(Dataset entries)
--- START ---

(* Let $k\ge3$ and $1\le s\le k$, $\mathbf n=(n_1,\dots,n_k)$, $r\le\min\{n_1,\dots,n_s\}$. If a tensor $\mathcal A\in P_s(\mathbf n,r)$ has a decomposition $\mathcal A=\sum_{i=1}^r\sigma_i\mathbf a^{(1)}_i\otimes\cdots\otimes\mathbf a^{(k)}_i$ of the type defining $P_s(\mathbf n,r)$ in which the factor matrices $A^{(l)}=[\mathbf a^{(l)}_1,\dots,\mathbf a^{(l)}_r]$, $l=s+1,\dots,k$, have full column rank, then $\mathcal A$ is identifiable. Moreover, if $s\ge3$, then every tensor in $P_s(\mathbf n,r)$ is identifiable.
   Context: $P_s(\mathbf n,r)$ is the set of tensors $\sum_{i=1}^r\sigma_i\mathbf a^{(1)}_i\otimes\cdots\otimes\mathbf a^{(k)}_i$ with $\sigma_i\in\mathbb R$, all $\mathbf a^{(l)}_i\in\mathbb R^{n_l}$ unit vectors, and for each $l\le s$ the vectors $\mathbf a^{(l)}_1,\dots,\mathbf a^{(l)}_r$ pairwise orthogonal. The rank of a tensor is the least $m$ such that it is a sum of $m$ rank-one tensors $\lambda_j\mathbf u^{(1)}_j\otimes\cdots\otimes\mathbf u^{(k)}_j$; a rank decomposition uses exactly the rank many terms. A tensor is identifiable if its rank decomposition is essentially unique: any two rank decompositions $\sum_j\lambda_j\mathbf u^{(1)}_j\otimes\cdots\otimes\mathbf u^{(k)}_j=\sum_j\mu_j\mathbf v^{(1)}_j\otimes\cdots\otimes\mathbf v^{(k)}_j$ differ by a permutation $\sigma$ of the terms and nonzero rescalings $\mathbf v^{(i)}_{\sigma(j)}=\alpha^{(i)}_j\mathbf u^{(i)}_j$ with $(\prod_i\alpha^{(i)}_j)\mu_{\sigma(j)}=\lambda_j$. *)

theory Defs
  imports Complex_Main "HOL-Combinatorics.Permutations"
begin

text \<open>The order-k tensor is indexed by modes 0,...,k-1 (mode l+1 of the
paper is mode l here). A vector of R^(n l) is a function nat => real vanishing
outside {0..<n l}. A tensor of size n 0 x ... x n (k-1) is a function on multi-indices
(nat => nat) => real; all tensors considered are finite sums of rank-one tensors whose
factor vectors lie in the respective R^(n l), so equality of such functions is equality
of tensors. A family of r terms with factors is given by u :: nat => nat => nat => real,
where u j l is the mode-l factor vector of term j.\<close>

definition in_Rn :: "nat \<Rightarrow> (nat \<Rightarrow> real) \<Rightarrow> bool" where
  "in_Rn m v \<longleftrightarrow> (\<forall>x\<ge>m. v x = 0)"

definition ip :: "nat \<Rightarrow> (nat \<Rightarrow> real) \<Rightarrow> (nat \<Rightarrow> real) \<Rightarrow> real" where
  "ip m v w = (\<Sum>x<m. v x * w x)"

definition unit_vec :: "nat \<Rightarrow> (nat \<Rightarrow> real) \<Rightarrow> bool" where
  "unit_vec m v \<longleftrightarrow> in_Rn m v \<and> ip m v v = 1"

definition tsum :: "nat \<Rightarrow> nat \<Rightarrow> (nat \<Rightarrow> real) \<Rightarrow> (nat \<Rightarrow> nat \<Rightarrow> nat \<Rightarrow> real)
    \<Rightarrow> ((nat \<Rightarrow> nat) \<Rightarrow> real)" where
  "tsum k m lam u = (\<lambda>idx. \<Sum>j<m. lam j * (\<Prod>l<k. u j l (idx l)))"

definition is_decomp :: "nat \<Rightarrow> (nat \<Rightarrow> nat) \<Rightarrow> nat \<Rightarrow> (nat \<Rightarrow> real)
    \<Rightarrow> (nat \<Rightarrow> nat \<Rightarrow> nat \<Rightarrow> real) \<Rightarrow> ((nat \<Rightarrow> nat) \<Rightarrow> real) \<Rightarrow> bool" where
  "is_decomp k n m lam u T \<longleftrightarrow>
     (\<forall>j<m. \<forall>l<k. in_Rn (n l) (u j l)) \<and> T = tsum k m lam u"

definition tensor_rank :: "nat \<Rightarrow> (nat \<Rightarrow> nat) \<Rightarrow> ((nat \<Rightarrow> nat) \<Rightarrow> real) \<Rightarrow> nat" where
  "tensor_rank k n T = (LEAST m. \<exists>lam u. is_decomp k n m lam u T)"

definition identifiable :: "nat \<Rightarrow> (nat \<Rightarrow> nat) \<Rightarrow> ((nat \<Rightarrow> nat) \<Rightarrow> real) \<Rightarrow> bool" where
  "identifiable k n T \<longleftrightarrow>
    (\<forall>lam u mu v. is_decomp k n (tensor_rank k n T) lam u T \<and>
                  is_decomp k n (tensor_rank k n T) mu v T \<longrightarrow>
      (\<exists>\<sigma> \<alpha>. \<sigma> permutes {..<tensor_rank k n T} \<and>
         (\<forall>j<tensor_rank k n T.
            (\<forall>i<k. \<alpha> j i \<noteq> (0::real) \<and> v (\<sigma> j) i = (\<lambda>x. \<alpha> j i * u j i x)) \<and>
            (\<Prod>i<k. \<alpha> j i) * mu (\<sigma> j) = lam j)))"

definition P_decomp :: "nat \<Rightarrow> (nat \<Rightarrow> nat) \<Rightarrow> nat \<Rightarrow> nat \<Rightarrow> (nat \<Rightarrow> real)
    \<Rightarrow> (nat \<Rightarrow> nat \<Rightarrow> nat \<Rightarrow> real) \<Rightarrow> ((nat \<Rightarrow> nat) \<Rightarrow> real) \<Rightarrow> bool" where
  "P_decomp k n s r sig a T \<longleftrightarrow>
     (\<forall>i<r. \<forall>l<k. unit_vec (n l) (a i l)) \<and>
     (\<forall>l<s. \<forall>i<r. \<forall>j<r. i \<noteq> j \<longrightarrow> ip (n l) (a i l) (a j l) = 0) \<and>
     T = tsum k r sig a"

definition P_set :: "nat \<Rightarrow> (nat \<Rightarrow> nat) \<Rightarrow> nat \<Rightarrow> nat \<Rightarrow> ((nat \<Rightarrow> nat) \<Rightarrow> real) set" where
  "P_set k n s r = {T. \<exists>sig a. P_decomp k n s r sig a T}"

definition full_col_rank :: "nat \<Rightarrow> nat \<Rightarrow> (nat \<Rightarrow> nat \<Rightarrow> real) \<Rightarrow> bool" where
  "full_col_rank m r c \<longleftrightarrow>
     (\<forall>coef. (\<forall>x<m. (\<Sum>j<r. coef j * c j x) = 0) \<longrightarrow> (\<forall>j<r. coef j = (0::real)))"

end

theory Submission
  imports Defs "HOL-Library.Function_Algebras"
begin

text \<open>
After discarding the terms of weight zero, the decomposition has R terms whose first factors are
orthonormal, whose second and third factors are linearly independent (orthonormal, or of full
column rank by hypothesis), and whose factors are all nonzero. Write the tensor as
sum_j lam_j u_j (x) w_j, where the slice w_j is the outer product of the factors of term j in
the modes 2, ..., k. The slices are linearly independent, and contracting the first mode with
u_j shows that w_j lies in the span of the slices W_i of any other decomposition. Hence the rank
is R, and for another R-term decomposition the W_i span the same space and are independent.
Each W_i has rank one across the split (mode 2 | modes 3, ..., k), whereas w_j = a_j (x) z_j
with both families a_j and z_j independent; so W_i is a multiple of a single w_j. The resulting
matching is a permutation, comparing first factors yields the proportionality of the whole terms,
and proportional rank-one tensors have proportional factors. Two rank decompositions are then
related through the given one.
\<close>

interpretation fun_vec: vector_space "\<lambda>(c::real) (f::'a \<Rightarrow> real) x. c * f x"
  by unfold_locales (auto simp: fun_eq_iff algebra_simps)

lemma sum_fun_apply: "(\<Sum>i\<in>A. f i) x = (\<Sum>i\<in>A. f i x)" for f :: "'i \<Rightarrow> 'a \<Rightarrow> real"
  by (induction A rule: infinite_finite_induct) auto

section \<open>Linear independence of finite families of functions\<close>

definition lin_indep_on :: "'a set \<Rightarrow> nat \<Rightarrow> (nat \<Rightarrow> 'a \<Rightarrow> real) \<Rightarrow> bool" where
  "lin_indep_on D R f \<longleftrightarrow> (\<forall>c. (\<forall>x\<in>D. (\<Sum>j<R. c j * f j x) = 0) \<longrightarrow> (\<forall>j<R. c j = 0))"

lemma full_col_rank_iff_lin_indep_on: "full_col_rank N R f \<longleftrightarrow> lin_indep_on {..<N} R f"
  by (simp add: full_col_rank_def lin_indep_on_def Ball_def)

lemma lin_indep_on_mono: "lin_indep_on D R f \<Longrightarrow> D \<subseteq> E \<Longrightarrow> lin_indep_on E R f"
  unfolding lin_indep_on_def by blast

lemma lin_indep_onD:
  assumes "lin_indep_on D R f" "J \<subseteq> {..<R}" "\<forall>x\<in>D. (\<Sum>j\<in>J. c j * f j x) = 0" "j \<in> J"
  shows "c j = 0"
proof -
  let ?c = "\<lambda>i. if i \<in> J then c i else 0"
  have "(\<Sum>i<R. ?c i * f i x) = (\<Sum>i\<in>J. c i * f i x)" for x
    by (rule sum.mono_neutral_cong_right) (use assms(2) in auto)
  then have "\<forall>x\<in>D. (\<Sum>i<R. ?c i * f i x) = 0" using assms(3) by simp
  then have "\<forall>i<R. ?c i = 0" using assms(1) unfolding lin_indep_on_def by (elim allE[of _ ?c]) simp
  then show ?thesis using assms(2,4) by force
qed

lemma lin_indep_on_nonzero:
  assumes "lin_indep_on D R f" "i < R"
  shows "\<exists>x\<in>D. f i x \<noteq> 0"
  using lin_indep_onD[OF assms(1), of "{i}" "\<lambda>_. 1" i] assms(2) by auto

--- END ---
--- START ---

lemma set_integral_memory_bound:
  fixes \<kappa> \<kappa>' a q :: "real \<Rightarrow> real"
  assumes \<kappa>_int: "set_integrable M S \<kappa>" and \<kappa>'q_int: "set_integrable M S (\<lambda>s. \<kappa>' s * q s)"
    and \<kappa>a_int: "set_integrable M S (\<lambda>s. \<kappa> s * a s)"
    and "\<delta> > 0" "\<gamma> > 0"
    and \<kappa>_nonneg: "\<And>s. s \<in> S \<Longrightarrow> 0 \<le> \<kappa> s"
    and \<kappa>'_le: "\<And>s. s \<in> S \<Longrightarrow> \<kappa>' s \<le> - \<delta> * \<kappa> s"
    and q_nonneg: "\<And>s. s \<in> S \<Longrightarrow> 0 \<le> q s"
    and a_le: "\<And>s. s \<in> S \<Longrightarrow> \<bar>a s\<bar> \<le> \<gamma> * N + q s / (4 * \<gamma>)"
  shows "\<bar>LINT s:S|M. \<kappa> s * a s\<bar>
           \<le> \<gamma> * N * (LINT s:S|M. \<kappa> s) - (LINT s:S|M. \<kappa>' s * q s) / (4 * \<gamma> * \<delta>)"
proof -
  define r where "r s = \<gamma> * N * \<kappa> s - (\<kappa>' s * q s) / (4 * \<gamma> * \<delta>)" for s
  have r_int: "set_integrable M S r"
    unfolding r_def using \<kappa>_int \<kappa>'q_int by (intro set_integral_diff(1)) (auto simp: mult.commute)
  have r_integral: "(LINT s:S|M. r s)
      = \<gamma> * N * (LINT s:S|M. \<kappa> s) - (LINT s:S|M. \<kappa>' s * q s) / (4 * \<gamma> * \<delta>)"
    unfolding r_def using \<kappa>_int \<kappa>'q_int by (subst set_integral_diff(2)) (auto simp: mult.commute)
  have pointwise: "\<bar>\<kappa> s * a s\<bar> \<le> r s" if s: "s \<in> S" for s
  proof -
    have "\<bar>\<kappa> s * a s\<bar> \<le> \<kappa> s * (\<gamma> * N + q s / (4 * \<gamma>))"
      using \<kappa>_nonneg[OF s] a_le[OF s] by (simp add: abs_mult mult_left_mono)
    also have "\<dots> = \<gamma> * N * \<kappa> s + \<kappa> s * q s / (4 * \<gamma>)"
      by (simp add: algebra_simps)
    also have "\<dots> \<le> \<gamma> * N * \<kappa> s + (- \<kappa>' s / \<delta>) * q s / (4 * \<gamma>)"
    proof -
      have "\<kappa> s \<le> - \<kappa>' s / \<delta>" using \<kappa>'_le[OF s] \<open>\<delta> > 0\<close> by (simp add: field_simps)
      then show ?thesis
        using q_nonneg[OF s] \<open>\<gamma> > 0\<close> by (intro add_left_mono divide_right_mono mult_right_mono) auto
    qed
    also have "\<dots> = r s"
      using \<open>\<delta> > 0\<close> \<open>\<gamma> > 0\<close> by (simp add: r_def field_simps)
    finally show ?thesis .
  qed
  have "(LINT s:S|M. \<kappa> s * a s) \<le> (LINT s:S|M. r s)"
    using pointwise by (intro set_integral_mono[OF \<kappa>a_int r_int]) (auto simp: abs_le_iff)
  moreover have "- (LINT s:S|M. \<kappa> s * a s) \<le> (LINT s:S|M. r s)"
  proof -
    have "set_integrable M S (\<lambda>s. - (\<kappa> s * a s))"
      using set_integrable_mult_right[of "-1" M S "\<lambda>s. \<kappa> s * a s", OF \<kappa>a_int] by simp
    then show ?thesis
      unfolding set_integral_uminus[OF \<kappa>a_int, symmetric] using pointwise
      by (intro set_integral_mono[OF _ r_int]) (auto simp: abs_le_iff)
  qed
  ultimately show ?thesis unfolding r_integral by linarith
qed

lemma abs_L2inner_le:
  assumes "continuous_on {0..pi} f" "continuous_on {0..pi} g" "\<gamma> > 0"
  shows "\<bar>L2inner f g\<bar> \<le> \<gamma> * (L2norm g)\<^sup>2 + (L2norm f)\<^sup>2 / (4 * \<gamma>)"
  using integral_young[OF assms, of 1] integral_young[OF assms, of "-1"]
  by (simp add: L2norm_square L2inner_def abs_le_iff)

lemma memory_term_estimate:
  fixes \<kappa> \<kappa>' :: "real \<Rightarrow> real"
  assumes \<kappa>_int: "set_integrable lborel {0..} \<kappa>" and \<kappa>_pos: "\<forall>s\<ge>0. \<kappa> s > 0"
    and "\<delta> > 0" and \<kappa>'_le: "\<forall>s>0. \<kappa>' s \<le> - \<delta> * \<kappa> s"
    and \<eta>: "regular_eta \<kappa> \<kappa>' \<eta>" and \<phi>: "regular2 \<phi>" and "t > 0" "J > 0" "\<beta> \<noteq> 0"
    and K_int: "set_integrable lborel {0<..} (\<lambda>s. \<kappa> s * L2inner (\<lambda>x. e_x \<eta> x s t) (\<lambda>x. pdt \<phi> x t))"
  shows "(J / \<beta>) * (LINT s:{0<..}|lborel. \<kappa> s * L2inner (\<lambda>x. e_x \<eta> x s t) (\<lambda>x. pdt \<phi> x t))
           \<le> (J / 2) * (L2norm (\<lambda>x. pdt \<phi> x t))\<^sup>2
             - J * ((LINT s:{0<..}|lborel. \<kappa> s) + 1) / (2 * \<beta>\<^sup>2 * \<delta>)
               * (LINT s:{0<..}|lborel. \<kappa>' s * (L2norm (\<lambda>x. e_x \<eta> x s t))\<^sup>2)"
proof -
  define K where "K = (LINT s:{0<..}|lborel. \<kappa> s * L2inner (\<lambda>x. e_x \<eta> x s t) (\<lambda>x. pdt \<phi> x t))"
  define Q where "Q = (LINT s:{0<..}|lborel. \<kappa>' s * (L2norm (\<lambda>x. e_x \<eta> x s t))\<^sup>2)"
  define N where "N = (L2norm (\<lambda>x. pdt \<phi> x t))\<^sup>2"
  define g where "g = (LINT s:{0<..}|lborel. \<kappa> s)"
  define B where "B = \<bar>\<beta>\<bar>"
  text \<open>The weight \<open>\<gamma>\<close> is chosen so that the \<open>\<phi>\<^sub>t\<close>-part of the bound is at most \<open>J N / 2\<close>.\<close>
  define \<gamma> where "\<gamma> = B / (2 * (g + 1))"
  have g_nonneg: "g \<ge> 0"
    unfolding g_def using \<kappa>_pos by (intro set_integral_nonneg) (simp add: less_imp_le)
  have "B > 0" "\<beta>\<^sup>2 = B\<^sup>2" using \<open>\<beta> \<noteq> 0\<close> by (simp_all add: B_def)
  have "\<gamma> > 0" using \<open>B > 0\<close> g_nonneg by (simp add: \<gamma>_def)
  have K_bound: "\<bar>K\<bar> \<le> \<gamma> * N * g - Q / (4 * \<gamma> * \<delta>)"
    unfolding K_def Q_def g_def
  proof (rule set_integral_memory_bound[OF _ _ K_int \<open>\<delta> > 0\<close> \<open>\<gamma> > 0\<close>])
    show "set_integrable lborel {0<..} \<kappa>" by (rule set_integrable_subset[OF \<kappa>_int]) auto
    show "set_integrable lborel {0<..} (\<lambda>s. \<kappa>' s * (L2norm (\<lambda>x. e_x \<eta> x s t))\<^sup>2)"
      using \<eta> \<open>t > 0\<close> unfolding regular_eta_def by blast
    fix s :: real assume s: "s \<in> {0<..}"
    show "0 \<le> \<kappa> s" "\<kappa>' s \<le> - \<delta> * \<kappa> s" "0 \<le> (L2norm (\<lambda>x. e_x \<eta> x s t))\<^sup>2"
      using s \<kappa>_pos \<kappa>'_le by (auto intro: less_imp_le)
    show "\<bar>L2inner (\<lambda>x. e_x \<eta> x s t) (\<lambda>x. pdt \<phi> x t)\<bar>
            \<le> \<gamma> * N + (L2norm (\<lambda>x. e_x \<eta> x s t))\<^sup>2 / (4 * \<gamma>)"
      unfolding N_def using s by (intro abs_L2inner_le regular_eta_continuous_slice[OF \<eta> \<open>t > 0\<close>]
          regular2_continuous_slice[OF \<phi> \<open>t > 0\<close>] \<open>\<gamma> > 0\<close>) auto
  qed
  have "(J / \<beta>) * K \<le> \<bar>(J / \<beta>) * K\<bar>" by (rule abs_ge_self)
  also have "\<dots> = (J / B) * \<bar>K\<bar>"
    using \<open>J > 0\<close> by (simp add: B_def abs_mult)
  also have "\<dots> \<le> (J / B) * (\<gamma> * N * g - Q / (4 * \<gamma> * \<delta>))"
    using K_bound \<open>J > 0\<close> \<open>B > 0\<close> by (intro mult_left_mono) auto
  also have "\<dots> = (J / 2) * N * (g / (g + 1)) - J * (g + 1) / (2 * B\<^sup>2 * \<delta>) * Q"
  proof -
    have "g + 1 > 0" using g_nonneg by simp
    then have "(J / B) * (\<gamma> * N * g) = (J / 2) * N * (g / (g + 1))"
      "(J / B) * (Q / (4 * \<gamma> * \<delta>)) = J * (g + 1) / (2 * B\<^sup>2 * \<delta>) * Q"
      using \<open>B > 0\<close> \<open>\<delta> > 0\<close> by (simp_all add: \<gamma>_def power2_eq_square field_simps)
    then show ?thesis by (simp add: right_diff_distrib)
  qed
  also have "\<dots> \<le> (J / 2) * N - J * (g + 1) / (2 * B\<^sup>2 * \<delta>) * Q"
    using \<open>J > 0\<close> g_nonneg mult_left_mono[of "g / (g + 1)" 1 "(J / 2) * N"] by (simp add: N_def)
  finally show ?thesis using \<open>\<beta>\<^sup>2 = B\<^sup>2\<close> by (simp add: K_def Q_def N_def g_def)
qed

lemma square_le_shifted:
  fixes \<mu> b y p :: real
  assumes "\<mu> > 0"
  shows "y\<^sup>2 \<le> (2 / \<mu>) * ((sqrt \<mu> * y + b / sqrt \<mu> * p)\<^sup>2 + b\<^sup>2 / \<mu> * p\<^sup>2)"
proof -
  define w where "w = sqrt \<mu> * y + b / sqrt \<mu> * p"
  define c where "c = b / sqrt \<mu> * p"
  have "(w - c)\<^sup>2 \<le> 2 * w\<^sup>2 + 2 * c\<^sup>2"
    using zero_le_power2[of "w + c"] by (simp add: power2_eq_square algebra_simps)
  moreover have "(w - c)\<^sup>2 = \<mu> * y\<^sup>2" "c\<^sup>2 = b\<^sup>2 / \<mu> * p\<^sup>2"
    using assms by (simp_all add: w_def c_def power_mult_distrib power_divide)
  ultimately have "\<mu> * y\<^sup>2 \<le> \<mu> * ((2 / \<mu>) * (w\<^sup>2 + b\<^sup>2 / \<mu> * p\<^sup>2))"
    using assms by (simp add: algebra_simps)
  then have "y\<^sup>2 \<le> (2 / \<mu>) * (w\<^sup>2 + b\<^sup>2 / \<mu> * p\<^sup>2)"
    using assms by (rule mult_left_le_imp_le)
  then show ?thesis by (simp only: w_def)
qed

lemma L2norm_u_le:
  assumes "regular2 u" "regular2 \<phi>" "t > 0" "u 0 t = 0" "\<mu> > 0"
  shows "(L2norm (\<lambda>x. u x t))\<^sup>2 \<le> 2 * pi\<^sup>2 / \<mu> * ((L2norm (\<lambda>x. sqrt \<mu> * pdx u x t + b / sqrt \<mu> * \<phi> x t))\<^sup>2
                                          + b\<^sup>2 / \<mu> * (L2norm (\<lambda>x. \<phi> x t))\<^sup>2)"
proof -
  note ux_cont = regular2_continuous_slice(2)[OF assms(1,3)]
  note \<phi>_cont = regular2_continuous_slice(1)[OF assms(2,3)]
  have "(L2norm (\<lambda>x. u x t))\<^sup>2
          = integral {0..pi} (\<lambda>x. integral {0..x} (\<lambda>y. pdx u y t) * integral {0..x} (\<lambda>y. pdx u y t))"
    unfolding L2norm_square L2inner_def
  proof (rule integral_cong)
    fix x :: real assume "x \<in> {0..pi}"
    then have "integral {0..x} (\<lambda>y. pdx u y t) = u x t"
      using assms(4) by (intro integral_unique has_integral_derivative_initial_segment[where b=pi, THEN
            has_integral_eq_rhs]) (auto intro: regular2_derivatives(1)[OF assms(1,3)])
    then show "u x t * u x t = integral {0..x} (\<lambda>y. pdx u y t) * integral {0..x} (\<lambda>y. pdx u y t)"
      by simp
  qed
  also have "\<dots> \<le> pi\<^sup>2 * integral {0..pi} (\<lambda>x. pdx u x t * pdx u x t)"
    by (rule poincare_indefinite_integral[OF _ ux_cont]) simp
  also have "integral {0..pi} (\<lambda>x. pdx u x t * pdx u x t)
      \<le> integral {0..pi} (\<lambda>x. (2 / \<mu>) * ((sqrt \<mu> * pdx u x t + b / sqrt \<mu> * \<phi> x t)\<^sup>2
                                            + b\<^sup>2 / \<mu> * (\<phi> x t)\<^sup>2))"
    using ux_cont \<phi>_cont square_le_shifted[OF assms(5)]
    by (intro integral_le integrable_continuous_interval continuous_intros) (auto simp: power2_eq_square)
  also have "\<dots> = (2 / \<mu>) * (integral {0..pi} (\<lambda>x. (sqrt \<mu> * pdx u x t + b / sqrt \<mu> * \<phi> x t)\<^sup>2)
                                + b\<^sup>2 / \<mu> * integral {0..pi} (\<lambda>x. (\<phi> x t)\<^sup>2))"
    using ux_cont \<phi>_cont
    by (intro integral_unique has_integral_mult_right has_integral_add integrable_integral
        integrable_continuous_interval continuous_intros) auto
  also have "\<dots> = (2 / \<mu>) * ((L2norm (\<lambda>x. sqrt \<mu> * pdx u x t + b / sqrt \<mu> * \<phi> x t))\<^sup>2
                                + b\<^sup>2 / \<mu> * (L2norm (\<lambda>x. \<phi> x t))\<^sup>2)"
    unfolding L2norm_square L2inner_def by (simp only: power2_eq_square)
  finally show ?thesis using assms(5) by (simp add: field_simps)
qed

--- END ---

- _Task description_
Write out only the lines that run from the line containing "(\<gamma> * N * g - Q" through the line containing "(Q / (4 * \<gamma>", both included, exactly as they appear above.

- _Result_
  also have "\<dots> \<le> (J / B) * (\<gamma> * N * g - Q / (4 * \<gamma> * \<delta>))"
    using K_bound \<open>J > 0\<close> \<open>B > 0\<close> by (intro mult_left_mono) auto
  also have "\<dots> = (J / 2) * N * (g / (g + 1)) - J * (g + 1) / (2 * B\<^sup>2 * \<delta>) * Q"
  proof -
    have "g + 1 > 0" using g_nonneg by simp
    then have "(J / B) * (\<gamma> * N * g) = (J / 2) * N * (g / (g + 1))"
      "(J / B) * (Q / (4 * \<gamma> * \<delta>)) = J * (g + 1) / (2 * B\<^sup>2 * \<delta>) * Q"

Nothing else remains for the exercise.